┌──

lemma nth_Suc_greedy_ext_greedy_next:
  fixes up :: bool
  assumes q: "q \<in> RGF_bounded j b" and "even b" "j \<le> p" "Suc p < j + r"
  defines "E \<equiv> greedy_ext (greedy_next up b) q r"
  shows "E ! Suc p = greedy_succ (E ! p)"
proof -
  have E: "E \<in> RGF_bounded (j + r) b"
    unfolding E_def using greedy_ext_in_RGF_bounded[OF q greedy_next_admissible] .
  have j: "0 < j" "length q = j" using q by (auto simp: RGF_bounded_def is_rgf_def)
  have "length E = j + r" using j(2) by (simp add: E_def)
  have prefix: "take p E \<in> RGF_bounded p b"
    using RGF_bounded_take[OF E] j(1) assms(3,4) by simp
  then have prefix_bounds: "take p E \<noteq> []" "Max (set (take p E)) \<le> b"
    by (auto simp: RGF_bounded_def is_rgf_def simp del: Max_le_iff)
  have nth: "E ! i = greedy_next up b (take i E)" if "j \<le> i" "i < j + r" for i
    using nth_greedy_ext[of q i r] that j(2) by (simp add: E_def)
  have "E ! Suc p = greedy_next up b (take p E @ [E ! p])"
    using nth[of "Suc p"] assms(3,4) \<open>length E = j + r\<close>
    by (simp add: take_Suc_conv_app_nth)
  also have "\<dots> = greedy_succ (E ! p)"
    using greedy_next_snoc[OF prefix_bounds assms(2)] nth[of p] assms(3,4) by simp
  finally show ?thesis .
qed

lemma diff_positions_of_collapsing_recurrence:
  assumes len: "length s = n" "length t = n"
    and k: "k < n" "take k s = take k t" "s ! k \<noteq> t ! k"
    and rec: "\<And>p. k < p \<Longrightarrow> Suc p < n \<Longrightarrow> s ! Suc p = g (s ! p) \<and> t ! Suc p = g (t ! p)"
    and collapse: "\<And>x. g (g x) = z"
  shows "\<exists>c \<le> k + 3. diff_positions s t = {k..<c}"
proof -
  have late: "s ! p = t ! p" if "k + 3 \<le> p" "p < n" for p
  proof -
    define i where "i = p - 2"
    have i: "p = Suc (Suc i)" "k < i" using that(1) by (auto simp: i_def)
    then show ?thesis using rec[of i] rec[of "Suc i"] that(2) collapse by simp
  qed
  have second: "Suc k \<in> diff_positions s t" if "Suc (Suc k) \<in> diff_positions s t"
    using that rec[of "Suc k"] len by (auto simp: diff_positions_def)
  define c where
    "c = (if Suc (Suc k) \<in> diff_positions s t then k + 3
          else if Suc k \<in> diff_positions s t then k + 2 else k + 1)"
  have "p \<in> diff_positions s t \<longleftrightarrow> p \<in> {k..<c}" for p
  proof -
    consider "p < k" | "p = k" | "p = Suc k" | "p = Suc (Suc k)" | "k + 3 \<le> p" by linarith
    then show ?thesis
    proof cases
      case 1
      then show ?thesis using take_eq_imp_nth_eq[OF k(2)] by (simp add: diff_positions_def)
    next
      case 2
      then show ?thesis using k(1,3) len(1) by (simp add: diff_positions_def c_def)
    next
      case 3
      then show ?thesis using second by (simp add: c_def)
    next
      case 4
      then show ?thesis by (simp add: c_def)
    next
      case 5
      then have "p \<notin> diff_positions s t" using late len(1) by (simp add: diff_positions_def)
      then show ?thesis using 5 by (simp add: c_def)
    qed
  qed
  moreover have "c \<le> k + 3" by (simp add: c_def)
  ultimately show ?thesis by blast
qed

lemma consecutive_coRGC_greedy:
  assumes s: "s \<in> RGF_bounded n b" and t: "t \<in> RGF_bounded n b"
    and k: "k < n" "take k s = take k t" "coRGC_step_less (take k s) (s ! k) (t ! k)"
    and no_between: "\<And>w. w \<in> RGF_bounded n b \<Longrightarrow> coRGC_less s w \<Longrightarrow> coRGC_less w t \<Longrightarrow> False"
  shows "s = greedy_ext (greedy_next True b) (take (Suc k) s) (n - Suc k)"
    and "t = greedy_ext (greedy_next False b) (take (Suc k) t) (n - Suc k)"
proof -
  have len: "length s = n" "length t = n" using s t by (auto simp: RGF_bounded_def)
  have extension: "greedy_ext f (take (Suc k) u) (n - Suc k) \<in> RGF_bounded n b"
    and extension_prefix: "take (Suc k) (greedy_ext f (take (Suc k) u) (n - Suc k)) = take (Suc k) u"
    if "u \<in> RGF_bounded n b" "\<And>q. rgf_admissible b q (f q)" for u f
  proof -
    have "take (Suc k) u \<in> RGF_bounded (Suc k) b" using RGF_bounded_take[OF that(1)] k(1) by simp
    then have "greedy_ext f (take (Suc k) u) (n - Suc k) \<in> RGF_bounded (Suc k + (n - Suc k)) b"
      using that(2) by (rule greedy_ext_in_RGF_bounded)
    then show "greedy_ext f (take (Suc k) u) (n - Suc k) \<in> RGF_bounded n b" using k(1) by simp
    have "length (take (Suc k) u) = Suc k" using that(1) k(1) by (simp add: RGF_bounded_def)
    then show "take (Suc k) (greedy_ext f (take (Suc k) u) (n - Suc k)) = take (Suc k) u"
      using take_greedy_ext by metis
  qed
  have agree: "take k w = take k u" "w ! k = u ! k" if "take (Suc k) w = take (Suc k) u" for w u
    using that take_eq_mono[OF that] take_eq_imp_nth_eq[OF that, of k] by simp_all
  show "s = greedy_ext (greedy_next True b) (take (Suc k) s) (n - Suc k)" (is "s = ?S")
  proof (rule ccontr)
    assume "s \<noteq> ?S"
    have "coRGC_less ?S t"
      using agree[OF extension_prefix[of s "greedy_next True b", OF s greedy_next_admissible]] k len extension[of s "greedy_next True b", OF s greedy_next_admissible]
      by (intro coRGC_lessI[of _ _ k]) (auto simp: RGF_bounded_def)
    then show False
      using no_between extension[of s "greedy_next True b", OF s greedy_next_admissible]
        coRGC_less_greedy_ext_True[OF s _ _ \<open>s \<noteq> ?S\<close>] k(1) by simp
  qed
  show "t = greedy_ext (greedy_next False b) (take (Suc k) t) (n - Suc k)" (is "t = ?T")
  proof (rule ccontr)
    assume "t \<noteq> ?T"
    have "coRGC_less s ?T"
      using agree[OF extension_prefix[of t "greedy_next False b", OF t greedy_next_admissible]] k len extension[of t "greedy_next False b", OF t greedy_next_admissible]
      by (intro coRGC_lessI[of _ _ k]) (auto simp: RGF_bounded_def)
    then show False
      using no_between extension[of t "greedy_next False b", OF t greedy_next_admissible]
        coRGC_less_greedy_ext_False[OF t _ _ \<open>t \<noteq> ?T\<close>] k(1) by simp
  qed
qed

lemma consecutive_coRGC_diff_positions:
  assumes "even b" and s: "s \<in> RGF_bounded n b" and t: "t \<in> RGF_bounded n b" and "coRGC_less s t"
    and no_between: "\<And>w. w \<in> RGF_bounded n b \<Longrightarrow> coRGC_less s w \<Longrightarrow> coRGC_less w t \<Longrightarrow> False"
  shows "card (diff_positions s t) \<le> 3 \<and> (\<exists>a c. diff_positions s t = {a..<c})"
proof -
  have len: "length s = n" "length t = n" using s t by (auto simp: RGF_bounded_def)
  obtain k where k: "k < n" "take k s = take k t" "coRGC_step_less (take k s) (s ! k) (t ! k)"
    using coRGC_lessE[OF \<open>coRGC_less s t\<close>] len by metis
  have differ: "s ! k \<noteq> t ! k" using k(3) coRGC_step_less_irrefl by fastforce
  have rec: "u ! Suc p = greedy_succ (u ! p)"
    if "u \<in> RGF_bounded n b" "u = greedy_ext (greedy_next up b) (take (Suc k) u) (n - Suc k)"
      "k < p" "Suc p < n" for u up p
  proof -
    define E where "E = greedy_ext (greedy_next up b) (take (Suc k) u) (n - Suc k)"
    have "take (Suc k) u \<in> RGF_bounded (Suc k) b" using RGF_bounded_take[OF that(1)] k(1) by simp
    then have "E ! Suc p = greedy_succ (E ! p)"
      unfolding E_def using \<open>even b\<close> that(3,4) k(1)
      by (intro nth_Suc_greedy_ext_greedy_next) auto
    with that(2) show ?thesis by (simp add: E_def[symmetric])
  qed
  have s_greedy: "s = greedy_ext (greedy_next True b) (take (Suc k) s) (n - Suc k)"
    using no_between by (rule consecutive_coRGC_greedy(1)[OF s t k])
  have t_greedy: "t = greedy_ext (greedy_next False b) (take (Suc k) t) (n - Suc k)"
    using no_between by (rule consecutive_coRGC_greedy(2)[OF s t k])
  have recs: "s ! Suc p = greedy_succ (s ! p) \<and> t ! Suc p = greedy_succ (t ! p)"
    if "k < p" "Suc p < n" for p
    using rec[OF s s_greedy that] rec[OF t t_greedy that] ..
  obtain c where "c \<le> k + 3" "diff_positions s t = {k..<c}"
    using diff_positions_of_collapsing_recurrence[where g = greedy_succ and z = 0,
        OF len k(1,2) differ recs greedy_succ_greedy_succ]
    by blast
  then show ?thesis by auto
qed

└──

WORK INSTRUCTIONS:
Above are the records. Print exactly, and only, the lines from the line with "k) w = take" to the line with "using no_between extension[of s", both inclusive.

SOLVED EXERCISE:
  have agree: "take k w = take k u" "w ! k = u ! k" if "take (Suc k) w = take (Suc k) u" for w u
    using that take_eq_mono[OF that] take_eq_imp_nth_eq[OF that, of k] by simp_all
  show "s = greedy_ext (greedy_next True b) (take (Suc k) s) (n - Suc k)" (is "s = ?S")
  proof (rule ccontr)
    assume "s \<noteq> ?S"
    have "coRGC_less ?S t"
      using agree[OF extension_prefix[of s "greedy_next True b", OF s greedy_next_admissible]] k len extension[of s "greedy_next True b", OF s greedy_next_admissible]
      by (intro coRGC_lessI[of _ _ k]) (auto simp: RGF_bounded_def)
    then show False
      using no_between extension[of s "greedy_next True b", OF s greedy_next_admissible]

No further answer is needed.